(* Let $A\in\mathbb{R}^{m\times n}$ be semi-monotone, let $A=P_1-R_1+S_1$ be a double proper weak regular splitting and $A=P_2-R_2+S_2$ a double proper regular splitting of $A$. Suppose $N(S_2)=N(P_2)$, $R(S_2)=R(P_2)$, $1\notin\sigma(S_2P_1^{\dagger})$, $-1\notin\sigma(R_2P_1^{\dagger})$, $\widehat{A}^{\dagger}\geq 0$ and $\widehat{\mathcal{A}}^{\dagger}\geq 0$, where $\widehat{A}=(I-S_2P_1^{\dagger})A$ and $\widehat{\mathcal{A}}=(I+R_2P_1^{\dagger})A$. Let $\widehat{P}=\widehat{\mathcal{P}}=P_2$, $\widehat{R}=R_2-S_2P_1^{\dagger}R_1$ and $\widehat{\mathcal{R}}=R_2P_1^{\dagger}R_1-S_2$. If $\widehat{\mathcal{P}}^{\dagger}\widehat{\mathcal{R}}\geq\widehat{P}^{\dagger}\widehat{R}$ and $\widehat{\mathcal{P}}^{\dagger}\widehat{\mathcal{A}}\geq\widehat{P}^{\dagger}\widehat{A}$, then $\rho(\mathcal{W}_{12})\leq\rho(W_{12})<1$, where $$W_{12}=\begin{pmatrix} P_2^{\dagger}R_2-P_2^{\dagger}S_2P_1^{\dagger}R_1 & P_2^{\dagger}S_2P_1^{\dagger}S_1\\ I & 0\end{pmatrix},\qquad \mathcal{W}_{12}=\begin{pmatrix} P_2^{\dagger}R_2P_1^{\dagger}R_1-P_2^{\dagger}S_2 & -P_2^{\dagger}R_2P_1^{\dagger}S_1\\ I & 0\end{pmatrix}.$$
   Context: For $M\in\mathbb{R}^{m\times n}$, $M^{\dagger}$ is its Moore–Penrose inverse, $R(M)$, $N(M)$ its range and null space; inequalities are entrywise; $\rho$ is the spectral radius, $\sigma$ the spectrum. $A$ is semi-monotone if $A^{\dagger}\geq0$. A double splitting $A=P-R+S$ is a double proper splitting if $R(P)=R(A)$ and $N(P)=N(A)$; it is double proper regular if moreover $P^{\dagger}\geq0$, $R\geq0$, $S\leq0$; double proper weak regular if moreover $P^{\dagger}\geq 0$, $P^{\dagger}R\geq 0$, $P^{\dagger}S\leq 0$. *)

theory Defs
  imports "Jordan_Normal_Form.Spectral_Radius" "Jordan_Normal_Form.Matrix_Kernel"
begin

definition is_mp_inverse :: "real mat \<Rightarrow> real mat \<Rightarrow> bool" where
  "is_mp_inverse M X \<longleftrightarrow> X \<in> carrier_mat (dim_col M) (dim_row M) \<and>
     M * X * M = M \<and> X * M * X = X \<and>
     transpose_mat (M * X) = M * X \<and> transpose_mat (X * M) = X * M"

definition mp_inv :: "real mat \<Rightarrow> real mat" where
  "mp_inv M = (THE X. is_mp_inverse M X)"

definition mat_range :: "real mat \<Rightarrow> real vec set" where
  "mat_range M = {M *\<^sub>v x | x. x \<in> carrier_vec (dim_col M)}"

definition mat_nonneg :: "real mat \<Rightarrow> bool" where
  "mat_nonneg M \<longleftrightarrow> (\<forall>i < dim_row M. \<forall>j < dim_col M. M $$ (i,j) \<ge> 0)"

definition mat_nonpos :: "real mat \<Rightarrow> bool" where
  "mat_nonpos M \<longleftrightarrow> (\<forall>i < dim_row M. \<forall>j < dim_col M. M $$ (i,j) \<le> 0)"

definition mat_ge :: "real mat \<Rightarrow> real mat \<Rightarrow> bool" where
  "mat_ge M N \<longleftrightarrow> dim_row M = dim_row N \<and> dim_col M = dim_col N \<and>
     (\<forall>i < dim_row M. \<forall>j < dim_col M. M $$ (i,j) \<ge> N $$ (i,j))"

definition semi_monotone :: "real mat \<Rightarrow> bool" where
  "semi_monotone M \<longleftrightarrow> mat_nonneg (mp_inv M)"

definition rspectrum :: "real mat \<Rightarrow> complex set" where
  "rspectrum M = spectrum (map_mat complex_of_real M)"

definition rspectral_radius :: "real mat \<Rightarrow> real" where
  "rspectral_radius M = spectral_radius (map_mat complex_of_real M)"

definition double_proper_splitting :: "real mat \<Rightarrow> real mat \<Rightarrow> real mat \<Rightarrow> real mat \<Rightarrow> bool" where
  "double_proper_splitting A P R S \<longleftrightarrow>
     P \<in> carrier_mat (dim_row A) (dim_col A) \<and> R \<in> carrier_mat (dim_row A) (dim_col A) \<and>
     S \<in> carrier_mat (dim_row A) (dim_col A) \<and> A = P - R + S \<and>
     mat_range P = mat_range A \<and> mat_kernel P = mat_kernel A"

definition double_proper_regular_splitting where
  "double_proper_regular_splitting A P R S \<longleftrightarrow> double_proper_splitting A P R S \<and>
     mat_nonneg (mp_inv P) \<and> mat_nonneg R \<and> mat_nonpos S"

definition double_proper_weak_regular_splitting where
  "double_proper_weak_regular_splitting A P R S \<longleftrightarrow> double_proper_splitting A P R S \<and>
     mat_nonneg (mp_inv P) \<and> mat_nonneg (mp_inv P * R) \<and> mat_nonpos (mp_inv P * S)"

end

(*
  Write W(B, C) for the block matrix [[B, C], [I, 0]]; a double splitting A = P - R + S iterates
  with B = P\<dagger>R and C = -P\<dagger>S.  When N(P) \<subseteq> N(A) and R(P) \<subseteq> R(A), the Moore--Penrose inverses
  satisfy P\<dagger>PA\<dagger> = A\<dagger> and P\<dagger>AA\<dagger> = P\<dagger>, so (B + C) A\<dagger> = A\<dagger> - P\<dagger>.  If A\<dagger>, P\<dagger>, B and C are
  nonnegative, the moduli of a left eigenvector of W(B, C) for an eigenvalue of modulus at least 1
  would form a nonnegative vector a with P\<dagger>\<^sup>T a = 0, forcing the eigenvector to vanish; hence
  \<rho>(W(B, C)) < 1.  For a second such splitting with the same P and B \<le> B', B' + C' \<le> B + C, a right
  eigenvector of W(B', C') gives a nonnegative vector u with \<rho>(W(B', C')) u \<le> W(B, C) u, and the
  Collatz--Wielandt bound yields \<rho>(W(B', C')) \<le> \<rho>(W(B, C)).

  Both steps are applied to the splittings of (I - S2 P1\<dagger>) A and (I + R2 P1\<dagger>) A with first part P2
  that the two given splittings induce.  The spectral hypotheses make I - S2 P1\<dagger> and I + R2 P1\<dagger>
  invertible, which keeps R(P2) inside the ranges of the two auxiliary matrices.
*)
theory Submission
  imports Defs
begin

lemma mult_assoc_dims:
  "dim_col (A :: 'a :: semiring_0 mat) = dim_row B \<Longrightarrow> dim_col B = dim_row C \<Longrightarrow> A * B * C = A * (B * C)"
  by (rule assoc_mult_mat, auto)

lemma transpose_mult_dims:
  "dim_col (A :: 'a :: comm_semiring_0 mat) = dim_row B \<Longrightarrow> transpose_mat (A * B) = transpose_mat B * transpose_mat A"
  by (rule transpose_mult, auto)

lemma mult_add_distrib_dims:
  "dim_col (A :: 'a :: semiring_0 mat) = dim_row B \<Longrightarrow> dim_row B = dim_row C \<Longrightarrow> dim_col B = dim_col C \<Longrightarrow>
   A * (B + C) = A * B + A * C"
  by (rule mult_add_distrib_mat, auto)

lemma add_mult_distrib_dims:
  "dim_row (A :: 'a :: semiring_0 mat) = dim_row B \<Longrightarrow> dim_col A = dim_col B \<Longrightarrow> dim_col B = dim_row C \<Longrightarrow>
   (A + B) * C = A * C + B * C"
  by (rule add_mult_distrib_mat, auto)

lemma mult_minus_distrib_dims:
  "dim_col (A :: 'a :: ring mat) = dim_row B \<Longrightarrow> dim_row B = dim_row C \<Longrightarrow> dim_col B = dim_col C \<Longrightarrow>
   A * (B - C) = A * B - A * C"
  by (rule mult_minus_distrib_mat, auto)

lemma minus_mult_distrib_dims:
  "dim_row (A :: 'a :: ring mat) = dim_row B \<Longrightarrow> dim_col A = dim_col B \<Longrightarrow> dim_col B = dim_row C \<Longrightarrow>
   (A - B) * C = A * C - B * C"
  by (rule minus_mult_distrib_mat, auto)

lemma mult_smult_dims:
  "dim_col (A :: 'a :: comm_ring mat) = dim_row B \<Longrightarrow> A * (k \<cdot>\<^sub>m B) = k \<cdot>\<^sub>m (A * B)"
  by (rule mult_smult_distrib, auto)

lemma smult_mult_dims:
  "dim_col (A :: 'a :: comm_ring mat) = dim_row B \<Longrightarrow> (k \<cdot>\<^sub>m A) * B = k \<cdot>\<^sub>m (A * B)"
  by (rule mult_smult_assoc_mat, auto)
lemma sum_lessThan_Suc_skip:
  fixes g :: "nat \<Rightarrow> 'a::comm_monoid_add"
  assumes "j < Suc n"
  shows "(\<Sum>c<Suc n. g c) = g j + (\<Sum>r<n. g (if r < j then r else Suc r))"
proof -
  have "bij_betw (\<lambda>r. if r < j then r else Suc r) {..<n} ({..<Suc n} - {j})"
    by (rule bij_betw_byWitness[where f' = "\<lambda>c. if c < j then c else c - 1"]) (use assms in auto)
  then have "(\<Sum>r<n. g (if r < j then r else Suc r)) = (\<Sum>c\<in>{..<Suc n} - {j}. g c)"
    by (rule sum.reindex_bij_betw)
  moreover have "(\<Sum>c<Suc n. g c) = g j + (\<Sum>c\<in>{..<Suc n} - {j}. g c)"
    using assms by (intro sum.remove) auto
  ultimately show ?thesis
    by simp
qed

definition vec_insert_zero :: "nat \<Rightarrow> 'a::zero vec \<Rightarrow> 'a vec" where
  "vec_insert_zero j v =
    vec (Suc (dim_vec v)) (\<lambda>c. if c < j then v $ c else if c = j then 0 else v $ (c - 1))"

lemma vec_insert_zero_carrier: "v \<in> carrier_vec n \<Longrightarrow> vec_insert_zero j v \<in> carrier_vec (Suc n)"
  by (simp add: vec_insert_zero_def)

lemma vec_insert_zero_eq_0_iff:
  assumes "v \<in> carrier_vec n" and "j \<le> n"
  shows "vec_insert_zero j v = 0\<^sub>v (Suc n) \<longleftrightarrow> v = 0\<^sub>v n"
proof
  assume zero: "vec_insert_zero j v = 0\<^sub>v (Suc n)"
  show "v = 0\<^sub>v n"
  proof (rule eq_vecI)
    fix r assume "r < dim_vec (0\<^sub>v n :: 'a vec)"
    then have "vec_insert_zero j v $ (if r < j then r else Suc r) = 0"
      using zero by simp
    then show "v $ r = 0\<^sub>v n $ r"
      using assms \<open>r < _\<close> by (auto simp: vec_insert_zero_def split: if_splits)
  qed (use assms in simp)
qed (use assms in \<open>auto simp: vec_insert_zero_def\<close>)

lemma del_col_carrier: "X \<in> carrier_mat m p \<Longrightarrow> del_col X j \<in> carrier_mat m (p - 1)"
  by (simp add: del_col_def)

lemma del_col_mult_vec:
  assumes X: "X \<in> carrier_mat m (Suc n)" and j: "j < Suc n" and v: "v \<in> carrier_vec n"
  shows "del_col X j *\<^sub>v v = X *\<^sub>v vec_insert_zero j v"
proof (rule eq_vecI)
  fix k assume "k < dim_vec (X *\<^sub>v vec_insert_zero j v)"
  then have k: "k < m"
    using X by simp
  have "(X *\<^sub>v vec_insert_zero j v) $ k = (\<Sum>c<Suc n. X $$ (k, c) * vec_insert_zero j v $ c)"
    using X v k by (simp add: scalar_prod_def atLeast0LessThan vec_insert_zero_def)
  also have "\<dots> = (\<Sum>r<n. X $$ (k, if r < j then r else Suc r) * v $ r)"
    using v j
    by (subst sum_lessThan_Suc_skip[OF j]) (auto simp: vec_insert_zero_def intro!: sum.cong)
  also have "\<dots> = (del_col X j *\<^sub>v v) $ k"
    using X v k by (simp add: del_col_def scalar_prod_def atLeast0LessThan)
  finally show "(del_col X j *\<^sub>v v) $ k = (X *\<^sub>v vec_insert_zero j v) $ k" ..
qed (use X in \<open>simp add: del_col_def\<close>)

lemma fminus_pos:
  assumes X: "X \<in> carrier_mat m p" and j: "j < p"
    and nonneg: "\<And>k. k < m \<Longrightarrow> w k * nu k \<ge> 0"
    and pos: "fdet X nu w > 0"
  shows "fminus X nu j w > 0"
proof -
  have Y: "del_col X j \<in> carrier_mat m (p - 1)"
    using X by (rule del_col_carrier)
  have X': "X \<in> carrier_mat m (Suc (p - 1))" and j': "j < Suc (p - 1)"
    using X j by simp_all
  have "fminus X nu j w \<noteq> 0"
  proof
    assume "fminus X nu j w = 0"
    then obtain v where v: "v \<in> carrier_vec (p - 1)" "v \<noteq> 0\<^sub>v (p - 1)"
        and kernel: "Wmat m nu w *\<^sub>v (del_col X j *\<^sub>v v) = 0\<^sub>v m"
      using det_gram_eq_0_iff[OF Y nonneg] Y by (auto simp: fminus_def fdet_def)
    have "vec_insert_zero j v \<in> carrier_vec (Suc (p - 1))" "vec_insert_zero j v \<noteq> 0\<^sub>v (Suc (p - 1))"
      using v j' by (simp_all add: vec_insert_zero_carrier vec_insert_zero_eq_0_iff)
    then have "fdet X nu w = 0"
      using det_gram_eq_0_iff[OF X' nonneg] kernel X' unfolding del_col_mult_vec[OF X' j' v(1)]
      by (auto simp: fdet_def)
    then show False
      using pos by simp
  qed
  then show ?thesis
    using det_gram_nonneg[of "del_col X j" m "p - 1" w nu, OF Y nonneg] Y
    by (simp add: fminus_def fdet_def)
qed

lemma det_smult_row:
  fixes f :: "nat \<Rightarrow> 'a::comm_ring_1 vec"
  assumes f: "\<And>i. i < n \<Longrightarrow> f i \<in> carrier_vec n" and g: "g \<in> carrier_vec n" and k: "k < n"
  shows "det (mat\<^sub>r n n (\<lambda>i. if i = k then a \<cdot>\<^sub>v g else f i)) =
    a * det (mat\<^sub>r n n (\<lambda>i. if i = k then g else f i))"
proof -
  have "mat\<^sub>r n n (\<lambda>i. if i = k then a \<cdot>\<^sub>v g else f i) =
      multrow k a (mat\<^sub>r n n (\<lambda>i. if i = k then g else f i))"
    by (rule eq_matI) (use f g in auto)
  then show ?thesis
    using det_multrow[OF k, of "mat\<^sub>r n n (\<lambda>i. if i = k then g else f i)" a] by simp
qed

=====

▶ **Problem**
Once you have gone through the listing, state the number of lines holding the word "proof" and nothing else.

▶ **Result for this task**
7